For multimodal models that integrate text with other data types such as images or video, the optimal vocabulary size might interact uniquely with non-linguistic parameters. Recent work [1, 62] models visual concepts in an autoregressive manner with tokenization like the processing of text data. It is interesting to explore the size of visual vocabulary size, i.e., the codebook size [20], in the visual tasks and vision-language tasks. How to set the vocabulary size and the compute resource efficiently for different modalities remains an open issue.

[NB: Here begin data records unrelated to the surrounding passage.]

lemma voronoi_cell_nearest:
  fixes a :: "nat \<Rightarrow> real" and r :: "nat \<Rightarrow> ereal"
  assumes a: "strict_mono_on {1..k} a"
    and r: "\<And>i. i \<in> {2..k} \<Longrightarrow> r i = ereal ((a (i - 1) + a i) / 2)"
    and i: "i \<in> {1..k}" and j: "j \<in> {1..k}" and x: "x \<in> eico (r i) (r (Suc i))"
  shows "\<bar>x - a i\<bar> \<le> \<bar>x - a j\<bar>" and "j \<noteq> i \<Longrightarrow> ereal x \<noteq> r i \<Longrightarrow> \<bar>x - a i\<bar> < \<bar>x - a j\<bar>"
proof -
  have "\<bar>x - a i\<bar> \<le> \<bar>x - a j\<bar> \<and> (j \<noteq> i \<longrightarrow> ereal x \<noteq> r i \<longrightarrow> \<bar>x - a i\<bar> < \<bar>x - a j\<bar>)"
  proof (cases j i rule: linorder_cases)
    case less
    then have i': "i \<in> {2..k}" "i - 1 \<in> {1..k}"
      using i j by auto
    have "a j \<le> a (i - 1)" "a (i - 1) < a i"
      using less j i' by (auto intro!: strict_mono_on_leD[OF a] strict_mono_onD[OF a])
    moreover have "(a (i - 1) + a i) / 2 \<le> x"
      using x r[OF i'(1)] by (simp add: eico_def)
    moreover have "(a (i - 1) + a i) / 2 < x" if "ereal x \<noteq> r i"
      using x r[OF i'(1)] that by (auto simp: eico_def)
    ultimately show ?thesis
      by (auto simp: abs_if field_simps)
  next
    case greater
    then have i': "Suc i \<in> {2..k}"
      using i j by auto
    have "a i < a (Suc i)" "a (Suc i) \<le> a j"
      using greater j i' by (auto intro!: strict_mono_on_leD[OF a] strict_mono_onD[OF a])
    moreover have "x < (a i + a (Suc i)) / 2"
      using x r[OF i'] by (simp add: eico_def)
    ultimately show ?thesis
      by (auto simp: abs_if field_simps)
  qed simp
  then show "\<bar>x - a i\<bar> \<le> \<bar>x - a j\<bar>" and "j \<noteq> i \<Longrightarrow> ereal x \<noteq> r i \<Longrightarrow> \<bar>x - a i\<bar> < \<bar>x - a j\<bar>"
    by blast+
qed

lemma voronoi_cells_disjoint:
  fixes a :: "nat \<Rightarrow> real" and r :: "nat \<Rightarrow> ereal"
  assumes a: "strict_mono_on {1..k} a"
    and r: "\<And>i. i \<in> {2..k} \<Longrightarrow> r i = ereal ((a (i - 1) + a i) / 2)"
  shows "disjoint_family_on (\<lambda>i. eico (r i) (r (Suc i))) {1..k}"
proof -
  have "eico (r i) (r (Suc i)) \<inter> eico (r j) (r (Suc j)) = {}"
    if ij: "i \<in> {1..k}" "j \<in> {1..k}" "i < j" for i j
  proof -
    have "a i \<le> a (j - 1)" "a (Suc i) \<le> a j"
      using ij by (auto intro!: strict_mono_on_leD[OF a])
    then have "r (Suc i) \<le> r j"
      using ij r[of "Suc i"] r[of j] by auto
    then show ?thesis
      by (auto simp: eico_def dest: less_le_trans order.trans)
  qed
  then show ?thesis
    unfolding disjoint_family_on_def by (metis inf_commute nat_neq_iff)
qed

lemma voronoi_cells_cover:
  fixes r :: "nat \<Rightarrow> ereal"
  assumes "1 \<le> k" "r 1 \<le> ereal x" "ereal x < r (Suc k)"
  shows "\<exists>i\<in>{1..k}. x \<in> eico (r i) (r (Suc i))"
proof -
  define S where "S = {i\<in>{1..k}. r i \<le> ereal x}"
  have S: "finite S" "1 \<in> S"
    using assms by (auto simp: S_def)
  define i where "i = Max S"
  have "i \<in> S"
    using Max_in[OF S(1)] S(2) by (auto simp: i_def)
  then have i: "i \<in> {1..k}" "r i \<le> ereal x"
    by (simp_all add: S_def)
  have "ereal x < r (Suc i)"
  proof (cases "i = k")
    case False
    have "\<not> r (Suc i) \<le> ereal x"
    proof
      assume "r (Suc i) \<le> ereal x"
      then have "Suc i \<in> S"
        using i False by (auto simp: S_def)
      then show False
        using Max_ge[OF S(1)] by (fastforce simp: i_def)
    qed
    then show ?thesis
      by simp
  qed (use assms in simp)
  then show ?thesis
    using i by (auto simp: eico_def)
qed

Appendix C Potential social impact

The positive potential social impact of this research on vocabulary size in language model scaling is substantial. By optimizing large language models with the consideration of the vocabulary size and other attributes jointly, the paper provides a foundational understanding that can lead to more lightweight and cost-effective pre-trained large language models. This efficiency can democratize access to advanced language processing technologies, making it feasible for smaller organizations and the general public to benefit from powerful AI tools. Such advancements can benefit various domains, for example, improve accessibility features for individuals with disabilities, where efficient language models can be used to analyze medical records and assist in diagnostics. Furthermore, the reduction in computational requirements for training these models can lead to a decrease in energy usage, contributing positively to environmental sustainability efforts.

On the other hand, the misuse of pretrained language models may pose risks, including the creation of highly realistic deepfakes that can spread disinformation and undermine trust in media and institutions. These models can generate misleading content, automate cyberattacks through convincing phishing schemes, and produce large-scale spam, degrading online communication. Additionally, they can be used to generate harmful or abusive content, such as hate speech, which perpetuates discrimination and harms vulnerable populations. To mitigate these risks, it is crucial to develop trustworthy language models, implement robust monitoring systems, and foster collaboration among researchers, policymakers, and users.